Perhaps just as important is the proliferation of automated trading strategies and machine-driven data mining, which has replaced many traditional roles that used to exist on Wall Street (not to mention made it harder for hedge funds to outperform as technology makes financial data almost ubiquitous).
Nordvig’s old job at Goldman Sachs exemplified that bygone era. As recently as 2007, he’d stand in the middle of the trading floor with mic in hand on the first Friday of every month, just before the 8:30 a.m. payrolls report. His task? Shout out his immediate take. If the U.S. added more jobs than expected, he’d cry “buy dollar-yen!” and within seconds, Goldman Sachs’s traders would hit the button on their keyboards to put in the order.
“We used to be able to make so much money by just being fast,” he said. Yet today, it’s all done by robots.

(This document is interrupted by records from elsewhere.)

(* In the setting below, let $U_2(v)$ and $\widetilde U_2(v)$ be defined, for $v\in(0,1)$ and $c\in(0,1)$, by $$U_2(v)=e^{-\frac{m^2v^2}{2}(1-c)}\Biggl\{\frac{1}{mv}\sqrt{\frac{2\pi}{c}}+\sum_{k=1}^{s}\frac1{k!}\sum_{j=0}^{s-k}\gamma_{k,j}\Bigl(\frac c2\Bigr)^{-\frac{3k+j}{2}}\Gamma\Bigl(\frac{3k+j}{2}\Bigr)\Biggr\},$$ $$\widetilde U_2(v)=e^{-\frac{m^2v^2}{2}(1-c)}\Biggl\{1+\sum_{k=1}^{s}\frac1{k!}\sum_{j=0}^{s-k}\gamma_{k,j}\Bigl(\frac c2\Bigr)^{-\frac{3k+j}{2}}\Gamma\Bigl(\frac{3k+j}{2}\Bigr)\Biggr\}.$$ Then for every $v\in(0,1)$ and $c\in(0,1)$, $I_2(v)<U_2(v)$. Moreover, if $mv\ge\sqrt2$ or $mv>\sqrt{2\pi/c}$, then $I_2(v)<\widetilde U_2(v)$.
   Context: Let $p_1\ge1$, $p_2\ge0$, $p=p_1+p_2\ge2$, integers $n\ge n_1>p$, $\tau_1=(n_1+1)/(n+1)$, $s\ge1$ an integer. With $\psi^{(s)}$ the polygamma function, define for $r\ge2$: $\kappa^{(r)}=(-1)^{r-1}[(p_1+\tau_1p_2)^{r}\psi^{(r-1)}(\tfrac12(np_1+n_1p_2))-\sum_{\ell=1}^{p_1}\psi^{(r-1)}(\tfrac12(n-p_1+\ell))-\tau_1^r\sum_{\ell=1}^{p_2}\psi^{(r-1)}(\tfrac12(n_1-p+\ell))]$, $\widetilde\kappa^{(r)}=\kappa^{(r)}/(\kappa^{(2)})^{r/2}$, $\gamma_{k,j}=\sum_{s_1+\dots+s_k=j,\ s_i\ge0}\prod_{i=1}^k\widetilde\kappa^{(s_i+3)}/(s_i+3)!$, $m=\frac{n_1-p-\frac12}{2}(\kappa^{(2)})^{1/2}$, and $I_2(v)=2\Bigl\{\int_{mv}^\infty t^{-1}e^{-t^2/2}dt+\sum_{k=1}^s\frac1{k!}\sum_{j=0}^{s-k}\gamma_{k,j}\int_{mv}^\infty t^{3k+j-1}e^{-t^2/2}dt\Bigr\}$. *)

theory Defs
  imports "HOL-Analysis.Analysis"
begin

definition tau1 :: "nat \<Rightarrow> nat \<Rightarrow> real" where
  "tau1 n n1 = (real n1 + 1) / (real n + 1)"

definition kappa :: "nat \<Rightarrow> nat \<Rightarrow> nat \<Rightarrow> nat \<Rightarrow> nat \<Rightarrow> real" where
  "kappa p1 p2 n n1 r = (-1) ^ (r - 1) *
     ((real p1 + tau1 n n1 * real p2) ^ r
        * Polygamma (r - 1) ((real n * real p1 + real n1 * real p2) / 2)
      - (\<Sum>l=1..p1. Polygamma (r - 1) ((real n - real p1 + real l) / 2))
      - tau1 n n1 ^ r
        * (\<Sum>l=1..p2. Polygamma (r - 1) ((real n1 - real (p1 + p2) + real l) / 2)))"

definition kappa_tilde :: "nat \<Rightarrow> nat \<Rightarrow> nat \<Rightarrow> nat \<Rightarrow> nat \<Rightarrow> real" where
  "kappa_tilde p1 p2 n n1 r = kappa p1 p2 n n1 r / (kappa p1 p2 n n1 2 powr (real r / 2))"

text \<open>gamma_{k,j}: sum over (s_1,...,s_k) (indexed 0..k-1) of nonnegative integers summing to j\<close>
definition gamma_kj :: "nat \<Rightarrow> nat \<Rightarrow> nat \<Rightarrow> nat \<Rightarrow> nat \<Rightarrow> nat \<Rightarrow> real" where
  "gamma_kj p1 p2 n n1 k j =
     (\<Sum>\<sigma> \<in> {\<sigma> :: nat \<Rightarrow> nat. (\<forall>i. k \<le> i \<longrightarrow> \<sigma> i = 0) \<and> (\<Sum>i<k. \<sigma> i) = j}.
        \<Prod>i<k. kappa_tilde p1 p2 n n1 (\<sigma> i + 3) / fact (\<sigma> i + 3))"

definition m_param :: "nat \<Rightarrow> nat \<Rightarrow> nat \<Rightarrow> nat \<Rightarrow> real" where
  "m_param p1 p2 n n1 = (real n1 - real (p1 + p2) - 1/2) / 2 * sqrt (kappa p1 p2 n n1 2)"

definition I2 :: "nat \<Rightarrow> nat \<Rightarrow> nat \<Rightarrow> nat \<Rightarrow> nat \<Rightarrow> real \<Rightarrow> real" where
  "I2 p1 p2 n n1 s v = (let a = m_param p1 p2 n n1 * v in
     2 * ((LBINT t:{a..}. inverse t * exp (- (t^2) / 2))
        + (\<Sum>k=1..s. 1 / fact k * (\<Sum>j=0..s-k. gamma_kj p1 p2 n n1 k j *
              (LBINT t:{a..}. t ^ (3*k + j - 1) * exp (- (t^2) / 2))))))"

definition U2_sum :: "nat \<Rightarrow> nat \<Rightarrow> nat \<Rightarrow> nat \<Rightarrow> nat \<Rightarrow> real \<Rightarrow> real" where
  "U2_sum p1 p2 n n1 s c = (\<Sum>k=1..s. 1 / fact k * (\<Sum>j=0..s-k. gamma_kj p1 p2 n n1 k j *
       (c/2) powr (- real (3*k + j) / 2) * Gamma (real (3*k + j) / 2)))"

definition U2 :: "nat \<Rightarrow> nat \<Rightarrow> nat \<Rightarrow> nat \<Rightarrow> nat \<Rightarrow> real \<Rightarrow> real \<Rightarrow> real" where
  "U2 p1 p2 n n1 s v c = (let a = m_param p1 p2 n n1 * v in
     exp (- (a^2) / 2 * (1 - c)) * (1 / a * sqrt (2 * pi / c) + U2_sum p1 p2 n n1 s c))"

definition U2_tilde :: "nat \<Rightarrow> nat \<Rightarrow> nat \<Rightarrow> nat \<Rightarrow> nat \<Rightarrow> real \<Rightarrow> real \<Rightarrow> real" where
  "U2_tilde p1 p2 n n1 s v c = (let a = m_param p1 p2 n n1 * v in
     exp (- (a^2) / 2 * (1 - c)) * (1 + U2_sum p1 p2 n n1 s c))"

end

(*
  All cumulants kappa^(r), r >= 2, are positive, so m > 0 and every gamma_{k,j} is nonnegative.
  Writing psi^(r-1) through the Hurwitz zeta function zeta(r, w) = sum_k (w + k)^-r, kappa^(r) is
  (r-1)! (sum_l zeta(r, x_l) + tau^r sum_l zeta(r, y_l) - A^r zeta(r, X)) with A = p1 + tau p2.
  The telescoping bounds w^(1-r) < (r-1) zeta(r, w) <= (w - 1/2)^(1-r), the identity
  sum_l x_l + sum_l y_l = X - p(p-1)/4 <= X - 1/2 and a weighted power-mean inequality show that
  this is positive.

  On [mv, oo) one has exp(-t^2/2) <= exp(-(mv)^2 (1-c)/2) exp(-c t^2/2), and the moments of
  exp(-c t^2/2) over (0, oo) are (c/2)^(-q/2) Gamma(q/2)/2; this bounds every term of I_2 with a
  nonnegative coefficient. For the logarithmic term use 1/t <= 1/(mv) and the fact that a Gaussian
  tail is less than half the full integral sqrt(2 pi/c), or, when mv >= sqrt 2, 1/t <= t/(mv)^2
  together with the integral of t exp(-t^2/2) from mv to oo being exp(-(mv)^2/2).
*)
theory Submission
  imports Defs "HOL-Real_Asymp.Real_Asymp"
begin

section \<open>The Hurwitz zeta function at integer arguments\<close>

text \<open>Only meaningful for \<open>r \<ge> 2\<close>; otherwise the series diverges and the value is junk.\<close>
definition hurwitz_zeta :: "nat \<Rightarrow> real \<Rightarrow> real" where
  "hurwitz_zeta r w = (\<Sum>k. inverse ((w + real k) ^ r))"

lemma hurwitz_zeta_sums:
  assumes "w > 0" "r \<ge> 2"
  shows "(\<lambda>k. inverse ((w + real k) ^ r)) sums hurwitz_zeta r w"
  using Polygamma_converges'[of w r] assms unfolding hurwitz_zeta_def by (simp add: summable_sums)

lemma Polygamma_eq_hurwitz_zeta:
  assumes "w > 0" "q > 0"
  shows "Polygamma q w = (-1) ^ Suc q * fact q * hurwitz_zeta (Suc q) w"
proof -
  have "hurwitz_zeta (Suc q) w = (-1) ^ Suc q * Polygamma q w / fact q"
    using Polygamma_LIMSEQ[of w q] hurwitz_zeta_sums[of w "Suc q"] assms sums_unique2 by auto
  moreover have "(-1::real) ^ Suc q * (-1) ^ Suc q = 1"
    by (simp add: power_mult_distrib[symmetric])
  ultimately show ?thesis by simp
qed

lemma DERIV_inverse_power:
  fixes x :: real
  assumes "x \<noteq> 0"
  shows "((\<lambda>t. inverse (t ^ q)) has_real_derivative - (real q * inverse (x ^ Suc q))) (at x)"
proof -
  have "inverse (x ^ q) * (real q * x ^ (q - 1)) * inverse (x ^ q) = real q * inverse (x ^ Suc q)"
    using assms by (cases q) (simp_all add: field_simps)
  then show ?thesis
    using assms by (auto intro!: derivative_eq_intros)
qed

lemma inverse_power_diff_less:
  fixes x :: real
  assumes "x > 0" "q \<ge> 1"
  shows "inverse (x ^ q) - inverse ((x + 1) ^ q) < real q * inverse (x ^ Suc q)"
proof -
  obtain z where z: "x < z" "z < x + 1"
    and "inverse ((x + 1) ^ q) - inverse (x ^ q) = (x + 1 - x) * - (real q * inverse (z ^ Suc q))"
    using MVT2[of x "x + 1" "\<lambda>t. inverse (t ^ q)" "\<lambda>z. - (real q * inverse (z ^ Suc q))"]
      DERIV_inverse_power assms by auto
  then have mvt: "inverse (x ^ q) - inverse ((x + 1) ^ q) = real q * inverse (z ^ Suc q)"
    by (simp only: add_diff_cancel_left' mult_1)
  have "inverse (z ^ Suc q) < inverse (x ^ Suc q)"
    using assms z by (intro less_imp_inverse_less power_strict_mono) auto
  then show ?thesis
    unfolding mvt using assms by (intro mult_strict_left_mono) auto
qed

lemma inverse_power_midpoint_le:
  fixes x s :: real
  assumes "0 \<le> s" "s < x"
  shows "2 * inverse (x ^ m) \<le> inverse ((x - s) ^ m) + inverse ((x + s) ^ m)"
proof -
  have "(x - s) * (x + s) \<le> x ^ 2"
    by (simp add: algebra_simps power2_eq_square)
  then have "((x - s) * (x + s)) ^ m \<le> (x ^ 2) ^ m"
    using assms by (intro power_mono) auto
  moreover have "0 < (x - s) * (x + s)"
    using assms by simp
  ultimately have "inverse ((x ^ 2) ^ m) \<le> inverse (((x - s) * (x + s)) ^ m)"
    by (intro le_imp_inverse_le) auto
  moreover have "inverse (x ^ m) ^ 2 = inverse ((x ^ 2) ^ m)"
    by (metis power_inverse power_mult mult.commute)
  moreover have "inverse ((x - s) ^ m) * inverse ((x + s) ^ m) = inverse (((x - s) * (x + s)) ^ m)"
    by (simp add: power_mult_distrib)
  ultimately have "inverse (x ^ m) ^ 2 \<le> inverse ((x - s) ^ m) * inverse ((x + s) ^ m)"
    by simp
  then have "inverse (x ^ m) \<le> sqrt (inverse ((x - s) ^ m) * inverse ((x + s) ^ m))"
    using assms by (simp add: real_le_rsqrt)
  also have "\<dots> \<le> (inverse ((x - s) ^ m) + inverse ((x + s) ^ m)) / 2"
    using assms by (intro arith_geo_mean_sqrt) auto
  finally show ?thesis by simp
qed

text \<open>Hermite--Hadamard: \<open>t \<mapsto> q / t ^ (q + 1)\<close> is convex, so its integral over
  \<open>[x - 1/2, x + 1/2]\<close> dominates its value at the midpoint.\<close>
lemma inverse_power_diff_ge:
  fixes x :: real
  assumes "x > 1/2"
  shows "real q * inverse (x ^ Suc q) \<le> inverse ((x - 1/2) ^ q) - inverse ((x + 1/2) ^ q)"
proof -
  define h where "h s = inverse ((x - s) ^ q) - inverse ((x + s) ^ q) - 2 * s * real q * inverse (x ^ Suc q)"
    for s
  define h' where "h' s = real q * (inverse ((x - s) ^ Suc q) + inverse ((x + s) ^ Suc q)
    - 2 * inverse (x ^ Suc q))" for s
  have "h 0 \<le> h (1/2)"
  proof (rule deriv_nonneg_imp_mono[of 0 "1/2" h h'])
    fix s :: real
    assume s: "s \<in> {0..1/2}"
    then have "x - s \<noteq> 0" "x + s \<noteq> 0"
      using assms by auto
    have "((\<lambda>s. inverse ((x - s) ^ q)) has_real_derivative
        - (real q * inverse ((x - s) ^ Suc q)) * (- 1)) (at s)"
      by (rule DERIV_chain2[where f = "\<lambda>t. inverse (t ^ q)" and g = "\<lambda>s. x - s"])
        (rule DERIV_inverse_power[OF \<open>x - s \<noteq> 0\<close>], auto intro!: derivative_eq_intros)
    moreover have "((\<lambda>s. inverse ((x + s) ^ q)) has_real_derivative
        - (real q * inverse ((x + s) ^ Suc q)) * 1) (at s)"
      by (rule DERIV_chain2[where f = "\<lambda>t. inverse (t ^ q)" and g = "\<lambda>s. x + s"])
        (rule DERIV_inverse_power[OF \<open>x + s \<noteq> 0\<close>], auto intro!: derivative_eq_intros)
    moreover have "((\<lambda>s. 2 * s * real q * inverse (x ^ Suc q)) has_real_derivative
        2 * real q * inverse (x ^ Suc q)) (at s)"
      by (auto intro!: derivative_eq_intros)
    ultimately show "(h has_real_derivative h' s) (at s)"
      unfolding h_def h'_def by (rule DERIV_cong[OF DERIV_diff[OF DERIV_diff]]) (simp add: algebra_simps)
    show "h' s \<ge> 0"
      using inverse_power_midpoint_le[of s x "Suc q"] s assms unfolding h'_def by auto
  qed simp
  then show ?thesis
    by (simp add: h_def)
qed

lemma inverse_power_shift_LIMSEQ:
  assumes "q \<ge> 1"
  shows "(\<lambda>k. inverse ((w + real k) ^ q)) \<longlonglongrightarrow> 0"
proof -
  have "filterlim (\<lambda>k. w + real k) at_top sequentially"
    by (intro filterlim_tendsto_add_at_top[OF tendsto_const] filterlim_real_sequentially)
  then have "filterlim (\<lambda>k. (w + real k) ^ q) at_top sequentially"
    using assms by (intro filterlim_pow_at_top) auto
  then show ?thesis
    by (rule tendsto_inverse_0_at_top)
qed

lemma hurwitz_zeta_lower:
  assumes "w > 0" "q \<ge> 1"
  shows "inverse (w ^ q) < real q * hurwitz_zeta (Suc q) w"
proof -
  let ?f = "\<lambda>k::nat. inverse ((w + real k) ^ q)"
  let ?g = "\<lambda>k::nat. real q * inverse ((w + real k) ^ Suc q)"
  have "(\<lambda>k. ?f k - ?f (Suc k)) sums (?f 0 - 0)"
    by (rule telescope_sums'[OF inverse_power_shift_LIMSEQ[OF assms(2)]])
  then have telescope: "(\<lambda>k. ?f k - ?f (Suc k)) sums ?f 0"
    by simp
  have "?g sums (real q * hurwitz_zeta (Suc q) w)"
    using assms by (intro sums_mult hurwitz_zeta_sums) auto
  with telescope have diff: "(\<lambda>k. ?g k - (?f k - ?f (Suc k))) sums (real q * hurwitz_zeta (Suc q) w - ?f 0)"
    by (intro sums_diff)
  have "0 < (\<Sum>k. ?g k - (?f k - ?f (Suc k)))"
  proof (rule suminf_pos)
    show "summable (\<lambda>k. ?g k - (?f k - ?f (Suc k)))"
      using diff by (rule sums_summable)
    fix k
    have "?f (Suc k) = inverse ((w + real k + 1) ^ q)"
      by (simp add: algebra_simps)
    moreover have "0 < w + real k"
      using assms by simp
    ultimately show "0 < ?g k - (?f k - ?f (Suc k))"
      using inverse_power_diff_less[of "w + real k" q] assms by linarith
  qed
  then show ?thesis
    using sums_unique[OF diff] by simp
qed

Amid the upheaval, Nordvig is confident his experience and smarts will ensure his high-priced advice remains in demand. But he’s not taking any chances.
After years of lackluster returns and faced with the biggest withdrawals since the financial crisis, hedge funds are looking for any edge they can find. These days, that often comes from the world of quantitative analysis. Even legendary names like Paul Tudor Jones, who made their fortunes the old-fashioned way, are hiring a bevy of programmers and mathematicians to build out more sophisticated, computer-driven strategies.
But not everybody has the research budgets to hire scores of Ph.D.s or pay for Nordvig’s white-glove service. That’s where the “data” in Exante Data comes in (Exante is derived from “ex ante,” Latin for “before the event”). Plenty of research superstars have decamped from Wall Street to set up boutique advisory firms, but Exante’s two-tier model is rare. Once the data business is fully up and running, Nordvig promises to give mere mortals on Wall Street the same type of data-mining tools once available only to the biggest quant shops.
Nordvig says he has one overriding advantage: he simply understands markets better.
Yet competition on the data front is heating up. Scores of startups are already scraping data and turning the information into actionable ideas. Goldman Sachs is the biggest investor in Kensho Technologies Inc., which analyzes historical trading patterns to predict how assets react to events like policy meetings and economic releases. An outfit called SpaceKnow Inc. uses satellite images of factories to gauge economic activity in export-oriented countries like China.
Nordvig, in his typical cocksure manner, says he has one overriding advantage: he simply understands markets better.
In coming months, Exante will launch its first data product for the masses. According to Nordvig, his data scientists have come up with a complex algorithm that precisely estimates how much the yuan exchange rate is influenced by China’s buying or selling of dollars, on a daily basis.
There’s nothing publicly available that comes close to measuring intervention in such detail. But Nordvig says his algo succeeds because it can capture anomalies in yuan trading, like a sudden widening in bid-ask spreads, and then compare the data against freely-traded markets in big financial centers.
While the tool can’t yet gauge intervention in offshore yuan and currency forwards, his backtested results show it closely tracks less frequently released official figures. And knowing beforehand can make a huge difference. Case in point: In August 2015, the People’s Bank of China unexpectedly engineered a weakening of the yuan, which blindsided investors and sent financial markets worldwide into a tailspin.
“This is about knowing what topics are important to the clients you serve,” Nordvig said.